The
development of programmable, site-specific gene editing tools has
provided methods and strategies for correcting pathogenic mutations,
such as emerging RNA editing technologies. Unlike DNA editing, RNA
editing transiently modifies RNA transcripts, thereby avoiding the
long-term safety risks associated with DNA off-target effects.
Two adenosine deaminase ADAR (adenosine deaminase acting on RNA)-derived RNA adenosine-to-inosine (A-to-I) editing systems have been reported. The first system utilizes exogenous ADAR fused with locator proteins and directed by guide RNA to induce editing at target sites. However, the high expression of exogenous ADAR proteins can lead to severe transcriptome-wide off-target effects. The second system recruits endogenous ADAR proteins to mediate RNA editing at target sites. While this approach avoids off-target effects, the sequence preferences of endogenous ADAR and its variable expression levels across tissues limit its editing scope and efficiency. Therefore, developing an RNA editing system with low off-target activity and broad editing applicability is of significant importance for RNA research and therapeutic applications.
Recently, a collaborative team led by Professor Chen Jia from
the School of Life Science and Technology (SLST) at ShanghaiTech
University and Professor Yang Li at Fudan University published a study
titled “Specific and Efficient RNA A-to-I Editing through Cleavage of an ADAR Inhibitor” () in Nature Biotechnology.

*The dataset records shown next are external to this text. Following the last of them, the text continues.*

lemma V_order:
  assumes b: "\<beta> \<in> Vs" and q: "q \<in> {1..u \<beta>}" "q' \<in> {1..u \<beta>}" "q < q'"
  shows "\<forall>z\<in>set (V \<beta> q). \<forall>z'\<in>set (V \<beta> q'). fst z = fst z' \<longrightarrow> snd z < snd z'"
proof -
  define A where "A = int (aS r src tgt m \<beta>)"
  define B where "B = int (bS m \<beta>)"
  have l1: "lattice_path (V \<beta> q)" and l2: "lattice_path (V \<beta> q')" using vertical_road(1)[OF b] q
    by auto
  have T: "\<forall>y\<in>set (map (antitranspose A B) (V \<beta> q')). \<forall>y'\<in>set (map (antitranspose A B) (V \<beta> q)).
      snd y = snd y' \<longrightarrow> fst y < fst y'"
  proof (rule disjoint_paths_column_order[OF lattice_path_antitranspose[OF l2]
      lattice_path_antitranspose[OF l1]])
    show "snd (hd (map (antitranspose A B) (V \<beta> q'))) = 1"
      using vertical_road(4)[OF b q(2)] lattice_path_nonempty[OF l2]
      by (simp add: hd_map antitranspose_def A_def)
    show "snd (hd (map (antitranspose A B) (V \<beta> q))) = 1"
      using vertical_road(4)[OF b q(1)] lattice_path_nonempty[OF l1]
      by (simp add: hd_map antitranspose_def A_def)
    show "snd (last (map (antitranspose A B) (V \<beta> q'))) = A"
      using vertical_road(3)[OF b q(2)] lattice_path_nonempty[OF l2]
      by (simp add: last_map antitranspose_def)
    show "\<forall>z\<in>set (map (antitranspose A B) (V \<beta> q)). 1 \<le> snd z \<and> snd z \<le> A"
      using vertical_road(2)[OF b q(1)]
      by (auto simp: in_grid_def antitranspose_def A_def)
    show "fst (hd (map (antitranspose A B) (V \<beta> q'))) < fst (hd (map (antitranspose A B) (V \<beta> q)))"
      using vertical_road(4)[OF b q(1)] vertical_road(4)[OF b q(2)] lattice_path_nonempty[OF l1]
        lattice_path_nonempty[OF l2] q(3)
      by (simp add: hd_map antitranspose_def)
    show "set (map (antitranspose A B) (V \<beta> q')) \<inter> set (map (antitranspose A B) (V \<beta> q)) = {}"
      using vertical_roads_disjoint[OF b q(1,2)] q(3) by (auto simp: antitranspose_eq_iff)
  qed
  show ?thesis
  proof (intro ballI impI)
    fix z z' assume z: "z \<in> set (V \<beta> q)" and z': "z' \<in> set (V \<beta> q')" and e: "fst z = fst z'"
    have "antitranspose A B z' \<in> set (map (antitranspose A B) (V \<beta> q'))"
      "antitranspose A B z \<in> set (map (antitranspose A B) (V \<beta> q))"
      using z z' by simp_all
    from T[rule_format, OF this] e show "snd z < snd z'" by (simp add: antitranspose_def)
  qed
qed

lemma V_page_order:
  assumes k: "k \<in> {1..r}" and q: "q \<in> {1..u (src k)}" "q' \<in> {1..u (src k)}" "q < q'"
  shows "\<forall>x\<in>set (V_page k q). \<forall>x'\<in>set (V_page k q'). fst x = fst x' \<longrightarrow> snd x < snd x'"
proof (intro ballI impI)
  fix x x' assume x: "x \<in> set (V_page k q)" and x': "x' \<in> set (V_page k q')" and e: "fst x = fst x'"
  have "emb_s k x \<in> set (V (src k) q)" "emb_s k x' \<in> set (V (src k) q')"
    using V_page_spec(4)[OF k q(1)] V_page_spec(4)[OF k q(2)] x x' by auto
  from V_order[OF _ q, rule_format, OF _ this] arrow_ends[OF k] e show "snd x < snd x'"
    by (simp add: embS_def)
qed

lemma H_page_order:
  assumes k: "k \<in> {1..r}" and p: "p \<in> {1..u (tgt k)}" "p' \<in> {1..u (tgt k)}" "p < p'"
  shows "\<forall>x\<in>set (H_page k p'). \<forall>x'\<in>set (H_page k p). snd x = snd x' \<longrightarrow> fst x' < fst x"
proof (intro ballI impI)
  fix x x' assume x: "x \<in> set (H_page k p')" and x': "x' \<in> set (H_page k p)" and e: "snd x = snd x'"
  have "emb_t k x' \<in> set (H (tgt k) p)" "emb_t k x \<in> set (H (tgt k) p')"
    using H_page_spec(4)[OF k p(1)] H_page_spec(4)[OF k p(2)] x x' by auto
  from H_order[OF _ p, rule_format, OF _ this] arrow_ends[OF k] e show "fst x' < fst x"
    by (simp add: embT_def)
qed


theorem connected_inter_if_straight:
  assumes st: "straight_road_map Vs Vt r src tgt m u H V" and k: "k \<in> {1..r}"
    and p: "p \<in> {1..u (tgt k)}" and q: "q \<in> {1..u (src k)}"
  shows "connected_inter src tgt m H V k p q"
proof -
  interpret pg: straight_page "rows k" "cols k" "{1..u (tgt k)}" "{1..u (src k)}" "H_page k"
    "V_page k"
    by (rule straight_page_at[OF st k])
  have sH: "segH src tgt m H V k p q = filter (\<lambda>x. x \<in> set (V_page k q)) (H_page k p)"
    and sV: "segV src tgt m H V k p q = filter (\<lambda>x. x \<in> set (H_page k p)) (V_page k q)"
    by (simp_all add: segH_def segV_def H_page_def V_page_def)
  have meet: "\<exists>z\<in>set (H_page k p). z \<in> set (V_page k q)" "\<exists>z\<in>set (V_page k q). z \<in> set (H_page k p)"
    using pg.h_meets_v[OF p q] by auto
  have "lattice_path (segH src tgt m H V k p q)" "sublist (segH src tgt m H V k p q) (H_page k p)"
    unfolding sH by (rule lattice_path_filter[OF H_page_spec(1)[OF k p] _ meet(1)];
        blast intro: pg.h_between_in_v[OF p q])+
  moreover have "sublist (segV src tgt m H V k p q) (V_page k q)"
    unfolding sV by (rule lattice_path_filter[OF V_page_spec(1)[OF k q] _ meet(2)];
        blast intro: pg.v_between_in_h[OF p q])
  moreover have "segH src tgt m H V k p q \<noteq> []" using meet(1) by (simp add: sH filter_empty_conv)
  ultimately show ?thesis by (simp add: connected_inter_def sublist_def H_page_def V_page_def)
qed

definition unemb_t :: "nat \<Rightarrow> pt \<Rightarrow> pt" where "unemb_t k z = (fst z, snd z - col_off k)"

lemma emb_t_unemb_t [simp]: "emb_t k (unemb_t k z) = z" by (simp add: unemb_t_def embT_def)
lemma unemb_t_emb_t [simp]: "unemb_t k (emb_t k z) = z" by (simp add: unemb_t_def embT_def)
lemma level_unemb_t: "level (unemb_t k z) = level z - col_off k"
  by (simp add: unemb_t_def level_def)
lemma unemb_t_north: "unemb_t k (north z) = north (unemb_t k z)"
  by (simp add: unemb_t_def north_def)

lemma H_page_mem_unemb_t:
  assumes k: "k \<in> {1..r}" and p: "p \<in> {1..u (tgt k)}" and z: "z \<in> set (H (tgt k) p)"
    and c: "col_off k < snd z" "snd z \<le> col_off k + cols k"
  shows "unemb_t k z \<in> set (H_page k p)"
  using H_page_spec(4)[OF k p, of "unemb_t k z"] z c by (simp add: unemb_t_def embT_def)

text \<open>The piece P^k_pq \<leadsto> Q^k_pq of (b), regarded in A_tgt(k), as a filter of H^tgt(k)_p.\<close>

definition H_piece :: "nat \<Rightarrow> nat \<Rightarrow> nat \<Rightarrow> pt list" where
  "H_piece k p q = filter (\<lambda>z. col_off k < snd z \<and> snd z \<le> col_off k + cols k \<and>
      unemb_t k z \<in> set (V_page k q))
     (H (tgt k) p)"

lemma pieces_H_eq:
  "pieces_H r src tgt m u H V \<alpha> p =
     concat (map (\<lambda>k. map (H_piece k p) [1..<Suc (u (src k))]) (arrows_into r tgt \<alpha>))"
proof -
  have "map (emb_t k) (segH src tgt m H V k p q) = H_piece k p q" for k q
  proof -
    have "segH src tgt m H V k p q = filter (\<lambda>x. x \<in> set (V_page k q))
        (map (unemb_t k) (filter (\<lambda>x. col_off k < snd x \<and>
          snd x \<le> col_off k + cols k) (H (tgt k) p)))"
      by (simp add: segH_def H_page_def V_page_def restrT_def cols_def unemb_t_def[abs_def])
    then show ?thesis by (simp add: map_inverse_filter_map_filter H_piece_def)
  qed
  then show ?thesis by (simp add: pieces_H_def)
qed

The study reports a highly efficient, precise, and broadly applicable
RNA adenosine base editing system called RtABE (RNA transformer
Adenosine Base Editor).
First, the collaborative team screened protein domains capable of inhibiting the ADAR2 deaminase domain (ADAR2DD). They discovered that certain deoxycytidine deaminase inhibitor (dCDI) domains from the APOBEC family of cytidine deaminases could act as ADAR inhibitors (ADIs). In the RtABE system, the ADI derived from human APOBEC3 (A3DADI) was fused with ADAR2DD to suppress its deaminase activity. At off-target sites, ADAR2DD remains inactive due to the A3DADI fusion. At target sites, engineered ADAR guide RNA (eagRNA) recruits split TEV protease and the ADAR2DD-A3DADI fusion protein, cleaving the A3DADI to activate ADAR2DD for site-specific editing. To enhance precision, protein engineering was used to generate two ADAR2DD mutants (K475Q+E488Q and K475I+S486A), leading to the development of the RtABE_V1 and RtABE_V2 systems. RtABE significantly reduced transcriptome-wide off-target effects while maintaining high editing efficiency at target sites.
Figure 1: Schematic of the RtABE working mechanism
Compared to RNA editors that rely on engineered RNAs to recruit endogenous ADAR, RtABE achieved highly efficient editing across broader sequence contexts (e.g., UAN, AAN, CAN, GAN). Furthermore, the team delivered RtABE via a single adeno-associated virus (AAV) into Hurler syndrome (mucopolysaccharidosis type I) model mice. RtABE demonstrated sustained, efficient, and precise RNA A-to-I editing in vivo, with no significant off-target editing detected in the liver of treated mice. Thus, RtABE represents a precise and efficient RNA base editing system with wide applicability.
Figure 2: Comparison of editing efficacy between RtABE_V2 and MCP-ADAR2DD systems. (Left) Editing efficiencies induced by RtABE_V2 and MCP-ADAR2DD in mouse liver. (Right) Transcriptome-wide off-target counts induced by RtABE_V2 and MCP-ADAR2DD in mouse liver.
Based on the collaborative team’s findings in disease model mice, RtABE offers new hope for potential clinical applications in treating genetic disorders and other severe human diseases.
Professors Chen Jia and Yang Li are the corresponding authors. SLST PhD students Li Guangye and Chen Guo in Chen Jia’s group, PhD student Yuan Guohua from Shanghai Institute of Nutrition and Health, Chinese Academy of Sciences, and Wei Jia from Children’s Hospital of Fudan University are the co-first authors. ShanghaiTech is the primary affiliation.